### TRY IT
The line containing "1) = exp_affine" marks the start. Return it and every later line of the listing below exactly, ending with the last one.

### DATASET ENTRIES
★ ★ ★ ★
lemma deriv_exp_affine: "deriv (exp_affine p q r) = exp_affine r (- q) 0"
proof
  fix v
  have "(exp_affine p q r has_real_derivative exp_affine r (- q) 0 v) (at v)"
    unfolding exp_affine_def by (rule derivative_eq_intros refl | simp)+
  then show "deriv (exp_affine p q r) v = exp_affine r (- q) 0 v"
    by (rule DERIV_imp_deriv)
qed

lemma higher_deriv_exp_affine:
  "(deriv ^^ j) (exp_affine p q r) =
     exp_affine (if j = 0 then p else if j = 1 then r else 0) ((- 1) ^ j * q) (if j = 0 then r else 0)"
proof (induction j arbitrary: p q r)
  case 0
  then show ?case by simp
next
  case (Suc j)
  have "(deriv ^^ Suc j) (exp_affine p q r) = (deriv ^^ j) (exp_affine r (- q) 0)"
    by (simp only: funpow_Suc_right comp_def deriv_exp_affine)
  then show ?case
    by (simp add: Suc.IH)
qed

lemma exp_affine_diff:
  "exp_affine p q r v - exp_affine p' q' r' v = exp_affine (p - p') (q - q') (r - r') v"
  unfolding exp_affine_def by (simp add: algebra_simps)

lemma abs_exp_affine_le:
  assumes "0 \<le> v" "\<bar>p\<bar> \<le> c" "\<bar>q\<bar> \<le> c" "\<bar>r\<bar> \<le> c"
  shows "\<bar>exp_affine p q r v\<bar> \<le> c * (2 + v)"
proof -
  have "\<bar>q * exp (- v)\<bar> \<le> \<bar>q\<bar>"
    using assms(1) by (simp add: abs_mult mult_left_le)
  moreover have "\<bar>r * v\<bar> \<le> c * v"
    using assms by (simp add: abs_mult mult_right_mono)
  moreover have "\<bar>p + q * exp (- v) + r * v\<bar> \<le> \<bar>p\<bar> + \<bar>q * exp (- v)\<bar> + \<bar>r * v\<bar>"
    by linarith
  ultimately show ?thesis
    unfolding exp_affine_def using assms(2,3) by argo
qed

lemma one_minus_exp_minus_eq_exp_affine: "(\<lambda>v. (exp v - 1) / exp v) = exp_affine 1 (- 1) 0"
  by (rule ext) (simp add: exp_affine_def exp_minus field_simps)

lemma scaled_football_phi_u_eq_exp_affine:
  assumes "0 < b1" "b1 < b2"
  defines "c \<equiv> 1 / (football_a b1 b2 * b2)"
  shows "(\<lambda>v. football_a b1 b2 / b2 * football_phi_u b1 b2 v) = exp_affine (1 + c) (- (1 + c)) (- c)"
proof
  fix v
  define a where "a = football_a b1 b2"
  have a: "0 < a" "football_H b1 b2 a = 0"
    using football_a_positive_zero_of_football_H[OF assms(1,2)] by (simp_all add: a_def)
  have "(a * b1 - 1) * exp (a * (b1 + b2 - v / a)) = (a * b1 - 1) * exp (a * (b1 + b2)) * exp (- v)"
    using a(1) by (simp add: algebra_simps flip: exp_add)
  also have "(a * b1 - 1) * exp (a * (b1 + b2)) = - (1 + a * b2)"
    using a(2) by (simp add: football_H_def algebra_simps)
  finally have phi_u: "football_phi_u b1 b2 v = (- (1 + a * b2) * exp (- v) + a * b2 - v + 1) / a\<^sup>2"
    using a(1) by (simp add: football_phi_u_def football_phi_def a_def[symmetric] algebra_simps)
  have scale: "a / b2 * (X / a\<^sup>2) = c * X" for X
    using a(1) by (simp add: c_def a_def power2_eq_square)
  have "c * (a * b2) = 1"
    using a(1) assms(1,2) by (simp add: c_def a_def)
  then have "c * (- (1 + a * b2) * exp (- v) + a * b2 - v + 1) = exp_affine (1 + c) (- (1 + c)) (- c) v"
    unfolding exp_affine_def by algebra
  then show "football_a b1 b2 / b2 * football_phi_u b1 b2 v = exp_affine (1 + c) (- (1 + c)) (- c) v"
    unfolding phi_u scale a_def[symmetric] .
qed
★ ★ ★ ★
### SOLUTION FOR THIS PROBLEM
  then have "c * (- (1 + a * b2) * exp (- v) + a * b2 - v + 1) = exp_affine (1 + c) (- (1 + c)) (- c) v"
    unfolding exp_affine_def by algebra
  then show "football_a b1 b2 / b2 * football_phi_u b1 b2 v = exp_affine (1 + c) (- (1 + c)) (- c) v"
    unfolding phi_u scale a_def[symmetric] .
qed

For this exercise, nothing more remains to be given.